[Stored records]
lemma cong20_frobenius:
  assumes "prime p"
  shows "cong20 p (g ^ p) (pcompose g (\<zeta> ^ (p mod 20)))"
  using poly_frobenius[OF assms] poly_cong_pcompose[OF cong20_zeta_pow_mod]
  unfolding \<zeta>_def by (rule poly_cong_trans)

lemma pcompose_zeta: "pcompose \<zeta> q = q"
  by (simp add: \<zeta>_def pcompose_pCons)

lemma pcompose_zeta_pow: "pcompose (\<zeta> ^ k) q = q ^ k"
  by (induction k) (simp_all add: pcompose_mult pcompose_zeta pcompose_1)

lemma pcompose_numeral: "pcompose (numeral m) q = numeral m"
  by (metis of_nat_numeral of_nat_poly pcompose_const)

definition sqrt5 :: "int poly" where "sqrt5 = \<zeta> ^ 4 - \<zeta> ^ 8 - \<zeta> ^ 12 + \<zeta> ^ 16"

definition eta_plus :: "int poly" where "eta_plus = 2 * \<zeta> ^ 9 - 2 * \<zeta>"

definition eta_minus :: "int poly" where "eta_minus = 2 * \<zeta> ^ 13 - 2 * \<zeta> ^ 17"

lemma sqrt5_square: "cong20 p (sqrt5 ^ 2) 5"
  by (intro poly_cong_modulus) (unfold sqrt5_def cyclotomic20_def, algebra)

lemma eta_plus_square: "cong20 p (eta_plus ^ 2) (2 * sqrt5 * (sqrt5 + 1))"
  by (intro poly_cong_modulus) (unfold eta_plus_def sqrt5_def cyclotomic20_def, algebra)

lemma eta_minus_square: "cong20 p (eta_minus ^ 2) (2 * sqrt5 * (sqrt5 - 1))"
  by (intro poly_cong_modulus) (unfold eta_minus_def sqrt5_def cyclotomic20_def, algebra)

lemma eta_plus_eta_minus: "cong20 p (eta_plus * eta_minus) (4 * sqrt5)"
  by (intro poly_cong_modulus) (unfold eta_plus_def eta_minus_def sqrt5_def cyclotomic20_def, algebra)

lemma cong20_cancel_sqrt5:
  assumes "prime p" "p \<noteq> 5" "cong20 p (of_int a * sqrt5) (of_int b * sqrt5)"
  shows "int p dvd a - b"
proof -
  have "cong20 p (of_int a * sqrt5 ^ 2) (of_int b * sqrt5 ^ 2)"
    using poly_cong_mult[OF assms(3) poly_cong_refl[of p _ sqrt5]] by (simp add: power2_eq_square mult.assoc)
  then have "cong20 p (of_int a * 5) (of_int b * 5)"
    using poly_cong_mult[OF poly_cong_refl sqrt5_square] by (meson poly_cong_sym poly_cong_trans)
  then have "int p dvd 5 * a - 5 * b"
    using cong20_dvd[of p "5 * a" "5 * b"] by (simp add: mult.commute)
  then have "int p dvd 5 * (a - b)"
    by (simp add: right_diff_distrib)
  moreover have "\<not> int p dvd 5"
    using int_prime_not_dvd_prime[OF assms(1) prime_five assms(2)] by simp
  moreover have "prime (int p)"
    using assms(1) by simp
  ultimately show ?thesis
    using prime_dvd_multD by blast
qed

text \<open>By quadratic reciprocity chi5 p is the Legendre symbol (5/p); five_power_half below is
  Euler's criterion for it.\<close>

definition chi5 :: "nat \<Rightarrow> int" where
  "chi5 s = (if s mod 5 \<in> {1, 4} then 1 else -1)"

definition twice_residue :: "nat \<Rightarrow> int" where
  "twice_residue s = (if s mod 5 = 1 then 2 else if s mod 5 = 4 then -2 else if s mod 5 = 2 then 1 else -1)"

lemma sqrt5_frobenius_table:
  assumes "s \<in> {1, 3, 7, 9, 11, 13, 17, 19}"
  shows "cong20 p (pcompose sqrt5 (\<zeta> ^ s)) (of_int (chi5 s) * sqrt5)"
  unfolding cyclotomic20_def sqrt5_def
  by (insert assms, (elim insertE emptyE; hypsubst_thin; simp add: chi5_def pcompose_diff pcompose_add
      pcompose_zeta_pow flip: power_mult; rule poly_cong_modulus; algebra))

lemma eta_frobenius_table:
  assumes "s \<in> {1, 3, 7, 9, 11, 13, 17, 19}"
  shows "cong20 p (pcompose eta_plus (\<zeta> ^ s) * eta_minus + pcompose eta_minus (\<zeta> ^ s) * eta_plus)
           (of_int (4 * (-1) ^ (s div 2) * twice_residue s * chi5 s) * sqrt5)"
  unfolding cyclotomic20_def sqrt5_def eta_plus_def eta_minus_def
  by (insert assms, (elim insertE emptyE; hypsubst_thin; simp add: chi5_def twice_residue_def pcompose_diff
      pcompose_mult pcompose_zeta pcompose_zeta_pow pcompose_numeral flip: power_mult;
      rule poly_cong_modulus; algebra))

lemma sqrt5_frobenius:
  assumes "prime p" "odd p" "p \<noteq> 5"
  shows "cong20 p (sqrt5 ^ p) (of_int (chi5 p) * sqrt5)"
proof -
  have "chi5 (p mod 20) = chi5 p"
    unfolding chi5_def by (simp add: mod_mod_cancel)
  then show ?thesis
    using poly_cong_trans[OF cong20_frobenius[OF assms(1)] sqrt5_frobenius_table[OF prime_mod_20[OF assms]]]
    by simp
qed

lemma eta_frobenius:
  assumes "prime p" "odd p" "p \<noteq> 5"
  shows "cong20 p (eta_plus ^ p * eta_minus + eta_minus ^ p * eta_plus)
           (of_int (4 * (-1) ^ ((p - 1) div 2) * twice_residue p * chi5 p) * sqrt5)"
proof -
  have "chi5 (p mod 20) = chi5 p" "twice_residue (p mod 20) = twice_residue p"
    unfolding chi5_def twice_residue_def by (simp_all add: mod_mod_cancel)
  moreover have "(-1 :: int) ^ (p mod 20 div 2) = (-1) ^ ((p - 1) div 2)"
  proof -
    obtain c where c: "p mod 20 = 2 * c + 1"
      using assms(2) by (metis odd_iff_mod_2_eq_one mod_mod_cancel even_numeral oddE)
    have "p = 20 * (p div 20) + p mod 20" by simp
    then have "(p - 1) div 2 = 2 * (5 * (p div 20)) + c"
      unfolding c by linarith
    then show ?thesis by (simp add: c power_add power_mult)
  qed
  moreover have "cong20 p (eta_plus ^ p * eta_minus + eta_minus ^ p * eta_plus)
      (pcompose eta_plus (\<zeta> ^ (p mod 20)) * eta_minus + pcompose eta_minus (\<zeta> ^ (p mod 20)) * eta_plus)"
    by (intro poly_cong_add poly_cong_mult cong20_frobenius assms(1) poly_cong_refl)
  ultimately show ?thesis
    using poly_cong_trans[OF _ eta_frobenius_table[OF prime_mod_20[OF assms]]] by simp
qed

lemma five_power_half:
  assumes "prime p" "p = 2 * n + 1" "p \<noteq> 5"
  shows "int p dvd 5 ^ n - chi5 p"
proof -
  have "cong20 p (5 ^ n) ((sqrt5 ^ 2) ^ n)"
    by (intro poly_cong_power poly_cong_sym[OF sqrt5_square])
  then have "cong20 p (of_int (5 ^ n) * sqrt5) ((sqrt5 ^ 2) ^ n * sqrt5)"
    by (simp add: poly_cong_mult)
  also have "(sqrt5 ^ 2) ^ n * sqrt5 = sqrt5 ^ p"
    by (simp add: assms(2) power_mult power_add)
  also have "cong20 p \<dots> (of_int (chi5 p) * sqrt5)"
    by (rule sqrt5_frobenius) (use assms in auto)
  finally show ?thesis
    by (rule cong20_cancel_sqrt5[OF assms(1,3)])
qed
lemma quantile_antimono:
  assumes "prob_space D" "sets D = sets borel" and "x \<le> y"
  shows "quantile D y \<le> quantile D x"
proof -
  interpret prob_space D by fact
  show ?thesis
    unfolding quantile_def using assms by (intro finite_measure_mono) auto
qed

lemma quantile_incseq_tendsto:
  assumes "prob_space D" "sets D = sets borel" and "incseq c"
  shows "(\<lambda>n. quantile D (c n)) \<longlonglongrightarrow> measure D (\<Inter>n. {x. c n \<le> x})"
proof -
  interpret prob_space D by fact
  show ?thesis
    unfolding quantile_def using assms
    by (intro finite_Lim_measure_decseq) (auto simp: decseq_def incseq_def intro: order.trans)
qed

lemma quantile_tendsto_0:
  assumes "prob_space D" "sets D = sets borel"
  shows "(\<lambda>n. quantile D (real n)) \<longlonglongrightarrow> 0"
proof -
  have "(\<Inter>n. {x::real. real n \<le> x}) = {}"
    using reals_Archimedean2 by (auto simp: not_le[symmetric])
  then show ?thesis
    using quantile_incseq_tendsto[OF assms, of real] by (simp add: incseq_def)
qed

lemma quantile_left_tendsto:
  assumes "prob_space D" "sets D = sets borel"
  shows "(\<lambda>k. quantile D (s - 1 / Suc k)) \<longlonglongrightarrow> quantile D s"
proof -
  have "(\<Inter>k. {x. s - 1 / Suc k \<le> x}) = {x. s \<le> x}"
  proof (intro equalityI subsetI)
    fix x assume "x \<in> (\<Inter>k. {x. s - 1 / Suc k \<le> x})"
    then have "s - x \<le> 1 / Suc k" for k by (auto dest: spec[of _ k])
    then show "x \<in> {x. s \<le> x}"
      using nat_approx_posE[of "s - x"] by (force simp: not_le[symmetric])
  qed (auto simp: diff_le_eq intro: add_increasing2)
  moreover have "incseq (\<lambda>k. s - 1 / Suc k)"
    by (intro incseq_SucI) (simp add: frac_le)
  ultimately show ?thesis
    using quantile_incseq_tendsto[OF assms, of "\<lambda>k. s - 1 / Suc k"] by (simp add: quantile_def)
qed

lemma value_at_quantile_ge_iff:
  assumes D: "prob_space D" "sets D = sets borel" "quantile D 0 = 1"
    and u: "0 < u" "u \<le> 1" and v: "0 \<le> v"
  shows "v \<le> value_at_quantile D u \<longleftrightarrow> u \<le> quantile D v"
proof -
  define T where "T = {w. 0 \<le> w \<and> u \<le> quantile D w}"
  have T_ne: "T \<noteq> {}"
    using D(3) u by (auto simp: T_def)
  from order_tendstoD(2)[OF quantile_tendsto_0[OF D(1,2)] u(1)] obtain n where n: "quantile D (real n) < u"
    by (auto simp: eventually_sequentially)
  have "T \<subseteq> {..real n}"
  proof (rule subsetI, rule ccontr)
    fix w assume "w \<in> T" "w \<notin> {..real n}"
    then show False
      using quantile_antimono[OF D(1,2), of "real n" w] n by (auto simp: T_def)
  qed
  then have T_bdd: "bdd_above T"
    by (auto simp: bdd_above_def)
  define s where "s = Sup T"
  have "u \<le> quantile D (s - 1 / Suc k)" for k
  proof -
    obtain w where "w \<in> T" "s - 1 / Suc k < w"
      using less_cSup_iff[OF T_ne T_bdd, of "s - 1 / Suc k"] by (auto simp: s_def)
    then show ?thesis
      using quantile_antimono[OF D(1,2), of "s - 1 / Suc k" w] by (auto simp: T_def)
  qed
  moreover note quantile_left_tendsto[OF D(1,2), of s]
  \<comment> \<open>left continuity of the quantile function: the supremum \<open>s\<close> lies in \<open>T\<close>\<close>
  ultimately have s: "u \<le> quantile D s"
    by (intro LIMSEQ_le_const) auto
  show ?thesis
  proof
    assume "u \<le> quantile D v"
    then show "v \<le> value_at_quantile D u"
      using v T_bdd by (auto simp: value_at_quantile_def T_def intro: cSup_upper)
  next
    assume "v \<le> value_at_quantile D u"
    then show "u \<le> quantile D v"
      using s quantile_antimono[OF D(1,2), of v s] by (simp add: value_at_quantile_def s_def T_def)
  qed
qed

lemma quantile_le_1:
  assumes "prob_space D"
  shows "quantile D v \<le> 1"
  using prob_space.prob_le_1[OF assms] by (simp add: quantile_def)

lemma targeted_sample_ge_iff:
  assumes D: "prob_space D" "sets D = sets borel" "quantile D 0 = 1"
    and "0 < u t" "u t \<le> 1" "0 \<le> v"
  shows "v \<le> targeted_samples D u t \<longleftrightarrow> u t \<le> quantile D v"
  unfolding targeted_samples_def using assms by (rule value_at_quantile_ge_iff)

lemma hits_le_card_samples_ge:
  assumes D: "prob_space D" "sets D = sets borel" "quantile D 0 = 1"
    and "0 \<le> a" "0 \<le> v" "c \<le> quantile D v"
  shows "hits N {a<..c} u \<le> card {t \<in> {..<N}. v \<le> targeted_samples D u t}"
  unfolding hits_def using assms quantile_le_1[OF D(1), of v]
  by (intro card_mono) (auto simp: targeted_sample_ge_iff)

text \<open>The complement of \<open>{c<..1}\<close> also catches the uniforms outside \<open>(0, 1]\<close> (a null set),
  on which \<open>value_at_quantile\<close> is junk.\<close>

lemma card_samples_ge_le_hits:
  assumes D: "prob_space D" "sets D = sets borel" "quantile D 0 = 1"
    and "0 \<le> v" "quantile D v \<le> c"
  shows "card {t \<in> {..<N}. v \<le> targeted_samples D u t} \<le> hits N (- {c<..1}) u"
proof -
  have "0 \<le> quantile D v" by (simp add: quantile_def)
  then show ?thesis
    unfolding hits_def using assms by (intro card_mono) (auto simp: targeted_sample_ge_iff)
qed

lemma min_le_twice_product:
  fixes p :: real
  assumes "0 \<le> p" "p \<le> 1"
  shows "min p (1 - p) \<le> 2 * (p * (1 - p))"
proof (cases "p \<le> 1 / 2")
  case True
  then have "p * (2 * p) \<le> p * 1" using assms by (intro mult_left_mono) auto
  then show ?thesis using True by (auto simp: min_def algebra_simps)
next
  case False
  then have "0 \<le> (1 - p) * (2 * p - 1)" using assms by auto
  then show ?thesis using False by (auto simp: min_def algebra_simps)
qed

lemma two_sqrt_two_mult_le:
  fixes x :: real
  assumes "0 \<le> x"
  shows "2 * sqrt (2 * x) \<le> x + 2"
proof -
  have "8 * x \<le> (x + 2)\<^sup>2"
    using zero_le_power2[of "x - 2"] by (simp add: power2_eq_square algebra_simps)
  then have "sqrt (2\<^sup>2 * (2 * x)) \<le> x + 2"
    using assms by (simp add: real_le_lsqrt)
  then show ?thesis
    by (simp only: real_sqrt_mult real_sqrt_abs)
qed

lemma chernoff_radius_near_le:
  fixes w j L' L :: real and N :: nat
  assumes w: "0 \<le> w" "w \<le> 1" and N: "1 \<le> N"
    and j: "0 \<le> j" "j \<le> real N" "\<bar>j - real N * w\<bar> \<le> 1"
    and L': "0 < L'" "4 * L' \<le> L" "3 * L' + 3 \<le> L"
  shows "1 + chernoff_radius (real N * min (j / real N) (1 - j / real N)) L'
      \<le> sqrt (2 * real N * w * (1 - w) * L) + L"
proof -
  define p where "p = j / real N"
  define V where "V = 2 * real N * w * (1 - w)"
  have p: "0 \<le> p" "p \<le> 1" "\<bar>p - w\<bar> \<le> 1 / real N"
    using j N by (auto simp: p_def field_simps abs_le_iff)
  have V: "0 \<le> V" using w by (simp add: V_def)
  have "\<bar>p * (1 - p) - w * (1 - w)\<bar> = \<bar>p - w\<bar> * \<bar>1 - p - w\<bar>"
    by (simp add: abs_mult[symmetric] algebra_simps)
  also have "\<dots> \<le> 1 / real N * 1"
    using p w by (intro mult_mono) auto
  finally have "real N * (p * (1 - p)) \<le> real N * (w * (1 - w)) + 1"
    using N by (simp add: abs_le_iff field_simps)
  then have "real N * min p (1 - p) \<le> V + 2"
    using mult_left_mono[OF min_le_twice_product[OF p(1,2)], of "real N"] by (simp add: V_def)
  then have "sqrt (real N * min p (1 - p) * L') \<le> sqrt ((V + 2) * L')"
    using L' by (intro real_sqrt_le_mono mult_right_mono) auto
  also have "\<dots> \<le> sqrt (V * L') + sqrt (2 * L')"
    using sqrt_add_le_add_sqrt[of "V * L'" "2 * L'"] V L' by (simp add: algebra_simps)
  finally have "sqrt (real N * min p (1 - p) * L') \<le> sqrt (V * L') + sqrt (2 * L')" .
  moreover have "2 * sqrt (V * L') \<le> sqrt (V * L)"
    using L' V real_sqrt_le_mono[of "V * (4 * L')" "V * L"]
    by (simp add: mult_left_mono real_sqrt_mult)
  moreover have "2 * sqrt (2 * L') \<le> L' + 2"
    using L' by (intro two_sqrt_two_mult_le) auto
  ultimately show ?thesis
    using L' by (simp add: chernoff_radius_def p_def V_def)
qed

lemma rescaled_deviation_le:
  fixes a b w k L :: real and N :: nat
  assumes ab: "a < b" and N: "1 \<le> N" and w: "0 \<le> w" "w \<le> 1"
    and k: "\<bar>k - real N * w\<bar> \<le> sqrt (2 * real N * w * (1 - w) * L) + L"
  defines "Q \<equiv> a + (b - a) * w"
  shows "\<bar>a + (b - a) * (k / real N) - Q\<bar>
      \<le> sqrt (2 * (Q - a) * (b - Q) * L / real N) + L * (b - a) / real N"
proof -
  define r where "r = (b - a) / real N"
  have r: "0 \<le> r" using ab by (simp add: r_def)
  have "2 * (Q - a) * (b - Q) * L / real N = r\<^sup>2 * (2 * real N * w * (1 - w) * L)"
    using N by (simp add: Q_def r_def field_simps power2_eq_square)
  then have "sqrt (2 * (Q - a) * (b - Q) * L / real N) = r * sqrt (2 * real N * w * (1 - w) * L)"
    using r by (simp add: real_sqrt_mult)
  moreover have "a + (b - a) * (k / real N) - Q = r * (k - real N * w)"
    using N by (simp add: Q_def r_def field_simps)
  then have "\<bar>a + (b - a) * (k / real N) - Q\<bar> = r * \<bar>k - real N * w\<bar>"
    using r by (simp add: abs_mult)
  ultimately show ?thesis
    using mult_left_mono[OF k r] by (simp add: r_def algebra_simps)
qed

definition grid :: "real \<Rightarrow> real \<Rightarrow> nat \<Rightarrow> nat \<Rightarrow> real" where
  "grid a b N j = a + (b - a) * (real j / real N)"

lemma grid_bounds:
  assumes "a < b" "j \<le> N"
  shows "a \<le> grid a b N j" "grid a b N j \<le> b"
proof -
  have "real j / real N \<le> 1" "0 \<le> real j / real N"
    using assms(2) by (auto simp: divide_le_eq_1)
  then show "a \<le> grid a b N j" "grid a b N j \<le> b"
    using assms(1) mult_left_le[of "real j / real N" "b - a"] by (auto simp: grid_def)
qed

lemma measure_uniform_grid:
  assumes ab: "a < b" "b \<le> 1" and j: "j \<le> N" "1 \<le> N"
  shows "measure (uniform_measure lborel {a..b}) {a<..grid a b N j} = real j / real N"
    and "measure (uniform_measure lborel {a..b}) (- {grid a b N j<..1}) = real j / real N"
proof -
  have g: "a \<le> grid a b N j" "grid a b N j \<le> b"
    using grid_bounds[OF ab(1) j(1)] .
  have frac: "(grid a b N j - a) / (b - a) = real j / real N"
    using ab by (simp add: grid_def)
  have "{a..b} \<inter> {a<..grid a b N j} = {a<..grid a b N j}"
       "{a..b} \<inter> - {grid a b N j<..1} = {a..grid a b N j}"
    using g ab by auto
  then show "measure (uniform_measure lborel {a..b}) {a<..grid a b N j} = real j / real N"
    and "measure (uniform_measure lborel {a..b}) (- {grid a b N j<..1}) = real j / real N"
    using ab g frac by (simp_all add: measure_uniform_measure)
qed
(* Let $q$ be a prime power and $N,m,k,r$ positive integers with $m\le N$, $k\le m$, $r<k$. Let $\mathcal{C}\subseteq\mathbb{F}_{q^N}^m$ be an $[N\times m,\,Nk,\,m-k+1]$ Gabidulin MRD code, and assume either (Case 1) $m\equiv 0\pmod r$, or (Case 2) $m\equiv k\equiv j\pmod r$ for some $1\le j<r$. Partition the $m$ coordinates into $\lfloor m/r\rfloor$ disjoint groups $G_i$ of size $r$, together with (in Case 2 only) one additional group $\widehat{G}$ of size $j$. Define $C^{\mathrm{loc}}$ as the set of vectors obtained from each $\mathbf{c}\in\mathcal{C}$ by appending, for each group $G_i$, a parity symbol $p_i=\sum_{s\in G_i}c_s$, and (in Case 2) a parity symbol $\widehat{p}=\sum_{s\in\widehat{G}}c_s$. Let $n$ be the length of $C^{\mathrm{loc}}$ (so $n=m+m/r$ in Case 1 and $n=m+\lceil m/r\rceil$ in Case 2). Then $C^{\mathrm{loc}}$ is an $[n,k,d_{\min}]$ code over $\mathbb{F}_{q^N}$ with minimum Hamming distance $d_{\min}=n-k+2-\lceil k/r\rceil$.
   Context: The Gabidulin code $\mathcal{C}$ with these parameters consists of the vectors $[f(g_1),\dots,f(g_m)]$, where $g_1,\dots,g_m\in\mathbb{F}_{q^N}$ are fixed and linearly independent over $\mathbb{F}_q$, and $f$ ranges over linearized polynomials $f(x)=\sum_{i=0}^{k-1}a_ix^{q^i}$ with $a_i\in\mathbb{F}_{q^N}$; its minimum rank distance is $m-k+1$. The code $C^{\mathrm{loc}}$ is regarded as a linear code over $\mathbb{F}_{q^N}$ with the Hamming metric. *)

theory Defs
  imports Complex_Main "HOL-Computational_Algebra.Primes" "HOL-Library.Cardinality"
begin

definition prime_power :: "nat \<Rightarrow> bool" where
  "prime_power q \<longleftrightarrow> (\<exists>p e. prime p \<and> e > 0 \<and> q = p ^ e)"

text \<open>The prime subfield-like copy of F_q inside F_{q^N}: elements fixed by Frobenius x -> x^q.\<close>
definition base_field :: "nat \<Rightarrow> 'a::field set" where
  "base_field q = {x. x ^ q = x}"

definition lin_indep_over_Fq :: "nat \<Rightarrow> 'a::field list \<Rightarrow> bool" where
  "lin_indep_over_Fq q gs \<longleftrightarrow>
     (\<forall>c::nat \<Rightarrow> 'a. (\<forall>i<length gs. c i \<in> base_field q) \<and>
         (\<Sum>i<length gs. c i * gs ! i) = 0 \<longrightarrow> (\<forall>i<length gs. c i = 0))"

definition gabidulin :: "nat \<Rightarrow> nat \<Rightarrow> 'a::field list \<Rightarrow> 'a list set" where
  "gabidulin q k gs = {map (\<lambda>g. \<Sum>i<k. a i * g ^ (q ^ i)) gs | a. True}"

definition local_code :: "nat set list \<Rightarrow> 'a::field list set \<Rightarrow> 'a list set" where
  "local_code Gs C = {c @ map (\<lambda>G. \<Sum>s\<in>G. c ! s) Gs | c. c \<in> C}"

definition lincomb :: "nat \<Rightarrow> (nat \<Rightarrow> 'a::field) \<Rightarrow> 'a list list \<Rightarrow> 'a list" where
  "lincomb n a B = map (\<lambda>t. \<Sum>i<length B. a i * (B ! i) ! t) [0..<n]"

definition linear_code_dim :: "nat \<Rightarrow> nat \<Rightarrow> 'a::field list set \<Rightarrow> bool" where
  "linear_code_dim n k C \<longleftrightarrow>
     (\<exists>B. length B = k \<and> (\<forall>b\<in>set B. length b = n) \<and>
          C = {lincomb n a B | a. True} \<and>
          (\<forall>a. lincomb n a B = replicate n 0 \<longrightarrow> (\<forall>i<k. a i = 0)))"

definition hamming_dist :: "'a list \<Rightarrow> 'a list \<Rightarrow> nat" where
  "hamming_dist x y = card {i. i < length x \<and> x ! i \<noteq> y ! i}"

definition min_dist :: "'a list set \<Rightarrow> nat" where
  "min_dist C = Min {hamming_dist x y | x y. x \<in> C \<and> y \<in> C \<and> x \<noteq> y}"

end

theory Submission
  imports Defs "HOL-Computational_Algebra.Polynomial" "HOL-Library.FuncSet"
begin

> [TASK TO CARRY OUT]
Wherever the string "symmetric" appears in the entries above, return the line it appears on.

> [THE ANSWER]
    using reals_Archimedean2 by (auto simp: not_le[symmetric])
      using nat_approx_posE[of "s - x"] by (force simp: not_le[symmetric])
    by (simp add: abs_mult[symmetric] algebra_simps)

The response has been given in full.